Foresight by Lightning Rod - Predict anything with AI

by
Foresight by Lightning Rod is an OpenAI-compatible forecasting API for developers building agents, prediction-market bots, and decision tools. Ask a question about a future event and get a scored, calibrated forecast back. Unlike general-purpose LLMs, Foresight is trained and evaluated on real-world outcomes, with benchmark-verified accuracy, cheaper inference, and a drop-in API for forecasting workflows.

Add a comment

Replies

Best

Hey Product Hunt — Ben here, founder of .

Frontier AI is powerful, but it is not built for forecasting. Frontier models are trained to produce plausible text, not well-calibrated probabilities about what will actually happen. They are also expensive to run inside agentic workflows, where bots may need to forecast thousands of markets, events, or decisions.

We trained Foresight to make better predictions at lower inference cost.

Foresight is an AI forecasting API with better accuracy at a lower inference cost. It is trained using our Future-as-Label method ( at the ICML 2026 AI Forecasting Workshop), which uses real-world outcomes over time for training. Instead of hand-labeling datasets or imitating generic text, Foresight learns from what actually happened.

Foresight beats frontier models 100x larger on live prediction benchmarks, like ProphetArena and ForecastBench, with a particularly large lead in prediction market categories like Sports & Politics.
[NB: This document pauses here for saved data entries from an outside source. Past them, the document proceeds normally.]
(* Let $C$ be a parity complex in which every cell $(M',P')$ has $M'$ and $P'$ receptive. Let $m,n\in\mathbb N$, let $(M,P)$ be an $n$-cell, and let $X\subseteq C_{n+1}$ be a well-formed set with exactly $m$ elements such that $X^\pm\subseteq M_n$. Put $Y=(M_n\cup X^-)\setminus X^+$. Then: (B) $(M^{n-1}\cup Y,\ P^{n-1}\cup Y)$ is a cell and $X^-\cap M_n=\emptyset$; (C) $(M^{n-1}\cup Y\cup X,\ P\cup X)$ is a cell.
   Context: A parity complex consists of a set $C=\bigsqcup_{n\ge 0}C_n$ graded by dimension, together with, for each $n\ge 0$ and each $x\in C_{n+1}$, two disjoint, non-empty, finite subsets $x^-,x^+\subseteq C_n$ (for $x\in C_0$ put $x^-=x^+=\emptyset$), subject to Axioms 1, 2, 3A, 3B below. Notation: for $S\subseteq C$, $S^-=\bigcup_{w\in S}w^-$, $S^+=\bigcup_{w\in S}w^+$, $S^\mp=S^-\setminus S^+$, $S^\pm=S^+\setminus S^-$; $x^{-+}=(x^-)^+$, etc.; $S_n=S\cap C_n$ and $S^n=\bigcup_{k=0}^n S_k$ (the $n$-skeleton; $S^{-1}=\emptyset$); $S$ is $n$-dimensional when $S=S^n$. For $S,T\subseteq C$ write $S\perp T$ when $S^-\cap T^-=\emptyset$ and $S^+\cap T^+=\emptyset$; $x\perp y$ means $\{x\}\perp\{y\}$. A set $S$ is well-formed when $S_0$ has at most one element and for every $n>0$ and all distinct $x,y\in S_n$, $x\perp y$. Write $x<y$ when $x^+\cap y^-\neq\emptyset$, and let $\lhd$ be the reflexive transitive closure of $<$. Axioms: (1) for all $x$, $x^{++}\cup x^{--}=x^{-+}\cup x^{+-}$; (2) for all $x$, $x^-$ and $x^+$ are well-formed; (3A) $x\lhd y$ and $y\lhd x$ imply $x=y$; (3B) if $x\lhd y$ then there is no $z$ with $x\in z^+$ and $y\in z^-$, and no $z$ with $y\in z^+$ and $x\in z^-$. For $S,M,P\subseteq C$, $S$ moves $M$ to $P$ when $M=(P\cup S^-)\setminus S^+$ and $P=(M\cup S^+)\setminus S^-$. A cell is a pair $(M,P)$ of non-empty, well-formed, finite subsets of $C$ such that $M$ moves $M$ to $P$ and $P$ moves $M$ to $P$; it is an $n$-cell when $M\cup P$ is $n$-dimensional. A set $S\subseteq C$ is receptive when for all $x\in C$: if $x^{-+}\cap x^{++}\subseteq S$ and $S\cap x^{--}=\emptyset$ then $S\cap x^{+-}=\emptyset$; and if $x^{+-}\cap x^{--}\subseteq S$ and $S\cap x^{++}=\emptyset$ then $S\cap x^{-+}=\emptyset$. *)

theory Defs
  imports Main
begin

text \<open>A graded set C with dimension function dim and face maps mi (x^-) and pl (x^+).\<close>

definition sminus :: "('a \<Rightarrow> 'a set) \<Rightarrow> 'a set \<Rightarrow> 'a set" where
  "sminus mi S = (\<Union>w\<in>S. mi w)"

definition splus :: "('a \<Rightarrow> 'a set) \<Rightarrow> 'a set \<Rightarrow> 'a set" where
  "splus pl S = (\<Union>w\<in>S. pl w)"

definition smp :: "('a \<Rightarrow> 'a set) \<Rightarrow> ('a \<Rightarrow> 'a set) \<Rightarrow> 'a set \<Rightarrow> 'a set" where
  "smp mi pl S = sminus mi S - splus pl S"

definition spm :: "('a \<Rightarrow> 'a set) \<Rightarrow> ('a \<Rightarrow> 'a set) \<Rightarrow> 'a set \<Rightarrow> 'a set" where
  "spm mi pl S = splus pl S - sminus mi S"

definition grade :: "('a \<Rightarrow> nat) \<Rightarrow> 'a set \<Rightarrow> nat \<Rightarrow> 'a set" where
  "grade dim S n = {x\<in>S. dim x = n}"

text \<open>S^k, the k-skeleton, for an integer k (so that S^{-1} is empty)\<close>
definition skel :: "('a \<Rightarrow> nat) \<Rightarrow> 'a set \<Rightarrow> int \<Rightarrow> 'a set" where
  "skel dim S k = {x\<in>S. int (dim x) \<le> k}"

definition orth :: "('a \<Rightarrow> 'a set) \<Rightarrow> ('a \<Rightarrow> 'a set) \<Rightarrow> 'a set \<Rightarrow> 'a set \<Rightarrow> bool" where
  "orth mi pl S T \<longleftrightarrow> sminus mi S \<inter> sminus mi T = {} \<and> splus pl S \<inter> splus pl T = {}"

definition well_formed :: "('a \<Rightarrow> nat) \<Rightarrow> ('a \<Rightarrow> 'a set) \<Rightarrow> ('a \<Rightarrow> 'a set) \<Rightarrow> 'a set \<Rightarrow> bool" where
  "well_formed dim mi pl S \<longleftrightarrow>
     (\<forall>x\<in>S. \<forall>y\<in>S. dim x = 0 \<and> dim y = 0 \<longrightarrow> x = y) \<and>
     (\<forall>n>0. \<forall>x\<in>grade dim S n. \<forall>y\<in>grade dim S n. x \<noteq> y \<longrightarrow> orth mi pl {x} {y})"

definition prec :: "'a set \<Rightarrow> ('a \<Rightarrow> 'a set) \<Rightarrow> ('a \<Rightarrow> 'a set) \<Rightarrow> 'a \<Rightarrow> 'a \<Rightarrow> bool" where
  "prec C mi pl x y \<longleftrightarrow> x \<in> C \<and> y \<in> C \<and> pl x \<inter> mi y \<noteq> {}"

definition preceq :: "'a set \<Rightarrow> ('a \<Rightarrow> 'a set) \<Rightarrow> ('a \<Rightarrow> 'a set) \<Rightarrow> 'a \<Rightarrow> 'a \<Rightarrow> bool" where
  "preceq C mi pl = (prec C mi pl)\<^sup>*\<^sup>*"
Our API is OpenAI-compatible, so developers can easily swap it into existing workflows.

Better accuracy. Cheaper inference. OpenAI-compatible API.

Use code PHFORESIGHT for $50 free API credits this month.
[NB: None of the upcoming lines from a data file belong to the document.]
lemma mdeg_eq_zero_iff: "mdeg d m = 0 \<longleftrightarrow> m = 0"
proof
  assume "mdeg d m = 0"
  then have "lookup m I1 = 0" "lookup m I2 = 0" "lookup m I3 = 0" "lookup m I4 = 0"
    by (simp_all add: mdeg_expand degree_nonzero)
  then show "m = 0"
    by (intro poly_mapping_eqI) (metis idx.exhaust lookup_zero)
qed (simp add: mdeg_def)

lemma mdeg_le_top_degree:
  assumes "mdeg d m \<le> d I4" "lookup m I4 \<noteq> 0"
  shows "m = single I4 1"
proof -
  have "d I4 \<le> lookup m I4 * d I4"
    using assms(2) by simp
  with assms(1) have "lookup m I1 * d I1 = 0" "lookup m I2 * d I2 = 0" "lookup m I3 * d I3 = 0"
    "lookup m I4 * d I4 = d I4"
    unfolding mdeg_expand by linarith+
  then have "lookup m I1 = 0" "lookup m I2 = 0" "lookup m I3 = 0" "lookup m I4 = 1"
    by (simp_all add: degree_nonzero)
  then show ?thesis
    by (intro poly_mapping_eqI) (metis idx.exhaust lookup_single_eq lookup_single_not_eq)
qed

text \<open>The least odd degree \<open>e I1\<close> is only attained by linear combinations of the \<open>y\<^sub>j\<close>,
  since all \<open>x\<^sub>i\<close> have even degree.\<close>
lemma lhom_least_odd_degree:
  assumes "lhom d e (e I1) g" "lookup (g S) m \<noteq> 0"
  shows "m = 0" "card S = 1"
proof -
  have e_ge: "e I1 \<le> e i" for i
    using setting by (cases i) (auto simp: setting_def)
  have "odd (e I1)" "even (mdeg d m)"
    using setting by (simp_all add: setting_def mdeg_expand)
  moreover have deg: "mdeg d m + ydeg e S = e I1"
    using assms by (simp add: lhom_def)
  ultimately have "S \<noteq> {}"
    by (auto simp: ydeg_def)
  have "card S * e I1 \<le> ydeg e S"
    using sum_bounded_below[of S "e I1" e] e_ge by (simp add: ydeg_def)
  with deg \<open>odd (e I1)\<close> have "card S \<le> 1"
    by (metis le_add2 le_trans mult_le_cancel2 nat_mult_1 odd_pos)
  with \<open>S \<noteq> {}\<close> show "card S = 1"
    by (simp add: le_Suc_eq)
  then obtain j where "S = {j}"
    by (rule card_1_singletonE)
  with deg e_ge[of j] have "mdeg d m = 0"
    by (simp add: ydeg_def)
  then show "m = 0"
    by (simp add: mdeg_eq_zero_iff)
qed
(* Let $K>2$, let $n_1=1$, let $n_2>1$ be an integer, and let $n_3,\dots,n_K$ be positive integers. Let $\tau$ be the time of the first emptying event and $p$ the type emptied at time $\tau$. Then for every $t$ with $\Pr[\tau=t]>0$, \[ \Pr[p=1\mid \tau=t]\ \ge\ \Pr[p=2\mid \tau=t]. \]
   Context: Initial stocks $\vec n^{(0)}=(n_1,\dots,n_K)$ of $K$ goodie types evolve as follows: at each step $t=1,2,\dots$, as long as at least two coordinates of $\vec n^{(t-1)}$ are nonzero, an index $i$ is chosen uniformly at random (independently of the past) among the indices with $n_i^{(t-1)}>0$, and $\vec n^{(t)}=\vec n^{(t-1)}-\vec e_i$ ($\vec e_i$ the $i$-th standard unit vector). The time of the first emptying event is $\tau=\min\{t : \exists i \text{ with } n_i^{(t)}=0 \text{ and } n_i^{(0)}>0\}$; exactly one type is emptied at that step, and $p$ denotes that type. *)

theory Defs
  imports "HOL-Analysis.Analysis"
begin

text \<open>Goodie types are indexed by 1..K; a stock vector is a function v :: nat => nat
  (values outside 1..K are irrelevant).  first_empty K v t i is the probability that,
  for the process started from stock vector v (one step = remove one item of a type chosen
  uniformly among the types with positive stock, performed as long as at least two types
  have positive stock), the first emptying event happens at step t and empties type i.
  Before the first emptying event the set of positive types does not change, so the
  recursion below (one-step analysis) restarts from the post-step state with the same
  set of initially positive types.\<close>

fun first_empty :: "nat \<Rightarrow> (nat \<Rightarrow> nat) \<Rightarrow> nat \<Rightarrow> nat \<Rightarrow> real" where
  "first_empty K v 0 i = 0"
| "first_empty K v (Suc t) i =
     (let A = {j \<in> {1..K}. 0 < v j} in
      if card A < 2 then 0
      else (\<Sum>j\<in>A. (if v j = 1 then (if t = 0 \<and> j = i then 1 else 0)
                      else first_empty K (v(j := v j - 1)) t i)) / real (card A))"

definition tau_prob :: "nat \<Rightarrow> (nat \<Rightarrow> nat) \<Rightarrow> nat \<Rightarrow> real" where
  "tau_prob K v t = (\<Sum>i\<in>{1..K}. first_empty K v t i)"

end

theory Submission
  imports Defs
begin

text \<open>A type with a single item left is emptied as soon as it is drawn, so it is emptied at
  step 1 with the largest possible probability, and a run whose first emptying event comes
  later does not draw it at step 1, so it still has a single item afterwards.  By induction on
  the step, no type is more likely than such a type to be the first one emptied at a given step.\<close>

definition stocked :: "nat \<Rightarrow> (nat \<Rightarrow> nat) \<Rightarrow> nat set" where
  "stocked K v = {j \<in> {1..K}. 0 < v j}"

lemma first_empty_Suc:
  "first_empty K v (Suc t) i =
     (if card (stocked K v) < 2 then 0
      else (\<Sum>j\<in>stocked K v. if v j = 1 then (if t = 0 \<and> j = i then 1 else 0)
                              else first_empty K (v(j := v j - 1)) t i)
           / real (card (stocked K v)))"
  unfolding stocked_def by (simp only: first_empty.simps Let_def)

lemma first_empty_Suc_0:
  "first_empty K v (Suc 0) i =
     (if card (stocked K v) < 2 then 0
      else of_bool (i \<in> stocked K v \<and> v i = 1) / real (card (stocked K v)))"
proof -
  have "(\<Sum>j\<in>stocked K v. if v j = 1 then (if 0 = (0::nat) \<and> j = i then 1 else 0)
                          else first_empty K (v(j := v j - 1)) 0 i)
      = (\<Sum>j\<in>stocked K v. if j = i then of_bool (v i = 1) else (0::real))"
    by (intro sum.cong) auto
  also have "\<dots> = of_bool (i \<in> stocked K v \<and> v i = 1)"
    by (simp add: stocked_def)
  finally show ?thesis
    unfolding first_empty_Suc by simp
qed

lemma first_empty_Suc_pos:
  assumes "t \<noteq> 0"
  shows "first_empty K v (Suc t) i =
     (if card (stocked K v) < 2 then 0
      else (\<Sum>j\<in>stocked K v. if v j = 1 then 0 else first_empty K (v(j := v j - 1)) t i)
           / real (card (stocked K v)))"
  unfolding first_empty_Suc by (simp only: assms simp_thms if_False)

lemma first_empty_le_unit_stock:
  assumes "k \<in> {1..K}" and "v k = 1"
  shows "first_empty K v t i \<le> first_empty K v t k"
  using assms(2)
proof (induction t arbitrary: v)
  case 0
  show ?case by simp
next
  case (Suc t)
  show ?case
  proof (cases "t = 0")
    case True
    have "k \<in> stocked K v"
      using assms(1) Suc.prems by (simp add: stocked_def)
    with Suc.prems show ?thesis
      unfolding True first_empty_Suc_0 by (simp add: divide_right_mono)
  next
    case False
    have "(\<Sum>j\<in>stocked K v. if v j = 1 then 0 else first_empty K (v(j := v j - 1)) t i)
        \<le> (\<Sum>j\<in>stocked K v. if v j = 1 then 0 else first_empty K (v(j := v j - 1)) t k)"
    proof (rule sum_mono)
      fix j
      show "(if v j = 1 then 0 else first_empty K (v(j := v j - 1)) t i)
          \<le> (if v j = 1 then 0 else first_empty K (v(j := v j - 1)) t k)"
      proof (cases "v j = 1")
        case False
        with Suc.prems have "(v(j := v j - 1)) k = 1"
          by auto
        then have "first_empty K (v(j := v j - 1)) t i \<le> first_empty K (v(j := v j - 1)) t k"
          by (rule Suc.IH)
        with False show ?thesis
          by simp
      qed simp
    qed
    then show ?thesis
      unfolding first_empty_Suc_pos[OF False]
      by (simp add: divide_right_mono)
  qed
qed

theorem lemma11:
  fixes K :: nat and n :: "nat \<Rightarrow> nat" and t :: nat
  assumes "K > 2"
    and "n 1 = 1"
    and "n 2 > 1"
    and "\<forall>i\<in>{3..K}. n i > 0"
    and "tau_prob K n t > 0"
  shows "first_empty K n t 1 / tau_prob K n t \<ge> first_empty K n t 2 / tau_prob K n t"
proof -
  have "first_empty K n t 2 \<le> first_empty K n t 1"
    using assms(1,2) by (intro first_empty_le_unit_stock) auto
  then show ?thesis
    using assms(5) by (simp add: divide_right_mono)
qed

end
We'd love feedback from builders working on forecasting agents, prediction tools, or any workflow where better forecasts matter.

 Congrats on the launch, Ben. A forecasting API actually benchmarked on real-world outcomes is rare — most AI tools claim predictive power with no calibration to back it. Purpose-building it for agents and prediction markets, accurate and cost-effective, is a sharp wedge.

One idea while it's live: your PH launch is still editable, and a video in the gallery holds attention better than screenshots. So I made you one from your site, free, and it's whitelabel — yours to post as your own:

I build FoxPlug — it turns your real product updates into videos, posts, and GIFs automatically: guided feature tours, GIFs, short posts for X, long-form for a blog, and full product walkthroughs. — building in public, loudly.

agreed! We think forecasting is a powerful benchmark for AI generally–it requires a deep understanding of how the real world works, and it's impossible to hack since the outcomes haven't happened yet.

Cool video!

 Congrats on the launch, Ben. Really interesting angle. I like that you’re treating forecasting as its own capability, not just another LLM feature.

Curious where you’re seeing the strongest early use case so far: prediction-market bots, agents making decisions under uncertainty, or internal business forecasting?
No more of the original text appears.